Records from a collection:
(* Let $n \ge 2$. Amongst all connected bipartite graphs on $n$ vertices, the maximum value of the normalized Graovac-Ghorbani index $\mathrm{NGG}$, and also the maximum value of the Graovac-Ghorbani index $\mathrm{GG}$, is attained by the complete bipartite graph $K_{\lfloor n/2\rfloor, \lceil n/2\rceil}$, and by no other such graph.
   Context: All graphs are finite, simple, undirected and connected. For an edge $uv$ of a graph $G$, let $n_u = |\{w \in V(G) : d(w,u) < d(w,v)\}|$ and $n_v = |\{w \in V(G) : d(w,v) < d(w,u)\}|$, where $d$ is the shortest-path distance. The Graovac-Ghorbani index is $\mathrm{GG}(G) = \sum_{uv \in E(G)} \sqrt{\frac{n_u + n_v - 2}{n_u n_v}}$ and the normalized Graovac-Ghorbani index is $\mathrm{NGG}(G) = \sum_{uv \in E(G)} \frac{1}{\sqrt{n_u n_v}}$. *)

theory Defs
  imports Complex_Main
begin

type_synonym 'a graph = "'a set \<times> 'a set set"

definition verts :: "'a graph \<Rightarrow> 'a set" where "verts G = fst G"
definition edges :: "'a graph \<Rightarrow> 'a set set" where "edges G = snd G"

definition simple_graph :: "'a graph \<Rightarrow> bool" where
  "simple_graph G \<longleftrightarrow> finite (verts G) \<and>
     (\<forall>e\<in>edges G. \<exists>u v. e = {u, v} \<and> u \<noteq> v \<and> u \<in> verts G \<and> v \<in> verts G)"

definition adj :: "'a graph \<Rightarrow> 'a \<Rightarrow> 'a \<Rightarrow> bool" where
  "adj G u v \<longleftrightarrow> {u, v} \<in> edges G"

definition walk :: "'a graph \<Rightarrow> 'a list \<Rightarrow> bool" where
  "walk G p \<longleftrightarrow> p \<noteq> [] \<and> set p \<subseteq> verts G \<and>
     (\<forall>i. Suc i < length p \<longrightarrow> adj G (p ! i) (p ! Suc i))"

definition connected_graph :: "'a graph \<Rightarrow> bool" where
  "connected_graph G \<longleftrightarrow> verts G \<noteq> {} \<and>
     (\<forall>u\<in>verts G. \<forall>v\<in>verts G. \<exists>p. walk G p \<and> hd p = u \<and> last p = v)"

definition dist :: "'a graph \<Rightarrow> 'a \<Rightarrow> 'a \<Rightarrow> nat" where
  "dist G u v = (LEAST k. \<exists>p. walk G p \<and> hd p = u \<and> last p = v \<and> length p = Suc k)"

definition bipartite :: "'a graph \<Rightarrow> bool" where
  "bipartite G \<longleftrightarrow> (\<exists>X Y. X \<inter> Y = {} \<and> X \<union> Y = verts G \<and>
     (\<forall>e\<in>edges G. \<exists>x\<in>X. \<exists>y\<in>Y. e = {x, y}))"

definition nclose :: "'a graph \<Rightarrow> 'a \<Rightarrow> 'a \<Rightarrow> nat" where
  "nclose G u v = card {w \<in> verts G. dist G w u < dist G w v}"

text \<open>Value of a (symmetric) edge function f(n_u, n_v) on an edge e = {u,v}.\<close>
definition edge_val :: "'a graph \<Rightarrow> (nat \<Rightarrow> nat \<Rightarrow> real) \<Rightarrow> 'a set \<Rightarrow> real" where
  "edge_val G f e = (let u = (SOME u. u \<in> e); v = (SOME v. v \<in> e \<and> v \<noteq> u)
                     in f (nclose G u v) (nclose G v u))"

definition GG :: "'a graph \<Rightarrow> real" where
  "GG G = (\<Sum>e\<in>edges G. edge_val G
      (\<lambda>a b. sqrt ((real a + real b - 2) / (real a * real b))) e)"

definition NGG :: "'a graph \<Rightarrow> real" where
  "NGG G = (\<Sum>e\<in>edges G. edge_val G (\<lambda>a b. 1 / sqrt (real a * real b)) e)"

definition complete_bipartite :: "nat \<Rightarrow> nat \<Rightarrow> nat graph" where
  "complete_bipartite a b = ({0..<a+b}, {{i, j} | i j. i < a \<and> a \<le> j \<and> j < a + b})"

definition graph_iso :: "'a graph \<Rightarrow> 'b graph \<Rightarrow> bool" where
  "graph_iso G H \<longleftrightarrow> (\<exists>f. bij_betw f (verts G) (verts H) \<and>
     (\<forall>u\<in>verts G. \<forall>v\<in>verts G. {u, v} \<in> edges G \<longleftrightarrow> {f u, f v} \<in> edges H))"

end

theory Submission
  imports Defs
begin

text \<open>Let G be connected and bipartite with sides X and Y, and let xy be an edge, x in X. Since G
  has no triangles, x and its neighbours other than y are closer to x than to y, so n_x is at
  least deg x, and likewise n_y is at least deg y. By AM-GM with weight c = sqrt (|Y| / |X|),
  1 / sqrt (n_x n_y) is at most (c / deg x + 1 / (c deg y)) / 2, and summing over the edges the
  reciprocal degrees at each vertex add up to 1, whence
  NGG G <= (c |X| + |Y| / c) / 2 = sqrt (|X| |Y|) <= sqrt ((n div 2) (n - n div 2)).
  If some x in X and y in Y are not adjacent, the last edge uy of a shortest x-y path (of length
  at least 3) has x as an additional vertex closer to u, so the bound is strict; K_{a,b} attains it.
  As n_u + n_v <= n, every term of GG is at most sqrt (n - 2) times the corresponding term of NGG,
  so GG inherits the bound, and for n > 2 also the equality case.\<close>

section \<open>Walks and distances\<close>

lemma adj_sym: "adj G a b \<Longrightarrow> adj G b a"
  by (simp add: adj_def insert_commute)

lemma adj_imp_verts:
  "simple_graph G \<Longrightarrow> adj G a b \<Longrightarrow> a \<in> verts G \<and> b \<in> verts G \<and> a \<noteq> b"
  unfolding simple_graph_def adj_def by (fastforce simp: doubleton_eq_iff)

lemma walk_singleton: "u \<in> verts G \<Longrightarrow> walk G [u]"
  by (simp add: walk_def)

lemma walk_edge: "simple_graph G \<Longrightarrow> adj G u v \<Longrightarrow> walk G [u, v]"
  using adj_imp_verts[of G u v] by (auto simp: walk_def less_Suc_eq)

lemma walk_path2:
  assumes "simple_graph G" "adj G u w" "adj G w v"
  shows "walk G [u, w, v]"
  unfolding walk_def
proof (intro conjI allI impI)
  show "set [u, w, v] \<subseteq> verts G"
    using adj_imp_verts[OF assms(1,2)] adj_imp_verts[OF assms(1,3)] by simp
  fix i assume "Suc i < length [u, w, v]"
  then have "i = 0 \<or> i = 1" by (simp add: less_Suc_eq)
  then show "adj G ([u, w, v] ! i) ([u, w, v] ! Suc i)" using assms by auto
qed simp

lemma walk_step: "walk G p \<Longrightarrow> Suc i < length p \<Longrightarrow> adj G (p ! i) (p ! Suc i)"
  by (simp add: walk_def)

lemma walk_hd_last:
  assumes "walk G p"
  shows "hd p = p ! 0" "last p = p ! (length p - 1)"
  using assms by (auto simp: walk_def hd_conv_nth last_conv_nth)

lemma walk_take:
  assumes "walk G p" "0 < k" "k \<le> length p"
  shows "walk G (take k p)" "hd (take k p) = hd p" "last (take k p) = p ! (k - 1)"
  using assms by (auto simp: walk_def last_conv_nth dest: in_set_takeD)

lemma dist_le_walk:
  assumes "walk G p" "hd p = u" "last p = v"
  shows "dist G u v \<le> length p - 1"
proof -
  have "length p = Suc (length p - 1)" using assms(1) by (simp add: walk_def)
  then show ?thesis unfolding dist_def using assms by (intro Least_le) blast
qed

lemma shortest_walk_exists:
  assumes "connected_graph G" "u \<in> verts G" "v \<in> verts G"
  obtains p where "walk G p" "hd p = u" "last p = v" "length p = Suc (dist G u v)"
proof -
  obtain p where p: "walk G p" "hd p = u" "last p = v"
    using assms unfolding connected_graph_def by blast
  have "length p = Suc (length p - 1)" using p(1) by (simp add: walk_def)
  then have "\<exists>k p. walk G p \<and> hd p = u \<and> last p = v \<and> length p = Suc k"
    using p by blast
  from LeastI_ex[OF this] show ?thesis
    using that unfolding dist_def by blast
qed

lemma dist_self: "u \<in> verts G \<Longrightarrow> dist G u u = 0"
  using dist_le_walk[OF walk_singleton, of u G u u] by simp

lemma dist_pos:
  assumes "connected_graph G" "u \<in> verts G" "v \<in> verts G" "u \<noteq> v"
  shows "1 \<le> dist G u v"
proof (rule ccontr)
  assume "\<not> ?thesis"
  then have "dist G u v = 0" by simp
  moreover obtain p where p: "walk G p" "hd p = u" "last p = v" "length p = Suc (dist G u v)"
    using shortest_walk_exists[OF assms(1-3)] .
  ultimately have "u = p ! 0" "v = p ! 0" using walk_hd_last[OF p(1)] by auto
  then show False using assms(4) by simp
qed

lemma dist_adj:
  assumes "simple_graph G" "connected_graph G" "adj G u v"
  shows "dist G u v = 1"
  using dist_le_walk[OF walk_edge[OF assms(1,3)]] dist_pos[OF assms(2)]
    adj_imp_verts[OF assms(1,3)] by fastforce

lemma dist_ge_2:
  assumes "simple_graph G" "connected_graph G" "u \<in> verts G" "v \<in> verts G"
    "u \<noteq> v" "\<not> adj G u v"
  shows "2 \<le> dist G u v"
proof (rule ccontr)
  assume "\<not> ?thesis"
  with dist_pos[OF assms(2-5)] have d: "dist G u v = 1" by simp
  obtain p where p: "walk G p" "hd p = u" "last p = v" "length p = Suc (dist G u v)"
    using shortest_walk_exists[OF assms(2-4)] .
  have "adj G (p ! 0) (p ! 1)" using walk_step[OF p(1), of 0] p(4) d by simp
  moreover have "u = p ! 0" "v = p ! 1" using p walk_hd_last[OF p(1)] d by auto
  ultimately show False using assms(6) by simp
qed

section \<open>Vertex counts along an edge\<close>

definition neighbours :: "'a graph \<Rightarrow> 'a \<Rightarrow> 'a set" where
  "neighbours G u = {w \<in> verts G. adj G u w}"

definition degree :: "'a graph \<Rightarrow> 'a \<Rightarrow> nat" where
  "degree G u = card (neighbours G u)"

definition closer :: "'a graph \<Rightarrow> 'a \<Rightarrow> 'a \<Rightarrow> 'a set" where
  "closer G u v = {w \<in> verts G. dist G w u < dist G w v}"

definition end_in :: "'a set \<Rightarrow> 'a set \<Rightarrow> 'a" where
  "end_in S e = (SOME x. x \<in> e \<and> x \<in> S)"

lemma nclose_eq_card_closer: "nclose G u v = card (closer G u v)"
  by (simp add: nclose_def closer_def)

lemma nclose_add_nclose_le:
  assumes "finite (verts G)"
  shows "nclose G u v + nclose G v u \<le> card (verts G)"
proof -
  have disj: "closer G u v \<inter> closer G v u = {}"
    and sub: "closer G u v \<union> closer G v u \<subseteq> verts G"
    unfolding closer_def by auto
  have fin: "finite (closer G u v)" "finite (closer G v u)"
    using finite_subset[OF sub assms] by auto
  show ?thesis
    unfolding nclose_eq_card_closer card_Un_disjoint[OF fin disj, symmetric]
    by (rule card_mono[OF assms sub])
qed

lemma edge_val_doubleton:
  assumes "u \<noteq> v" "\<And>a b. f a b = f b a"
  shows "edge_val G f {u, v} = f (nclose G u v) (nclose G v u)"
proof -
  define u' where "u' = (SOME u'. u' \<in> {u, v})"
  have u': "u' \<in> {u, v}" unfolding u'_def by (rule someI[of _ u]) simp
  define v' where "v' = (SOME v'. v' \<in> {u, v} \<and> v' \<noteq> u')"
  have v': "v' \<in> {u, v} \<and> v' \<noteq> u'" unfolding v'_def
    by (rule someI[of _ "if u' = u then v else u"]) (use u' assms(1) in auto)
  have "edge_val G f {u, v} = f (nclose G u' v') (nclose G v' u')"
    unfolding edge_val_def Let_def u'_def v'_def ..
  moreover have "u' = u \<and> v' = v \<or> u' = v \<and> v' = u" using u' v' by auto
  ultimately show ?thesis using assms(2) by auto
qed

▸ EXERCISE REQUIREMENTS
Every line above that holds the string "unfolding" counts once. State how many such lines there are, as a number alone.

▸ TASK SOLUTION
10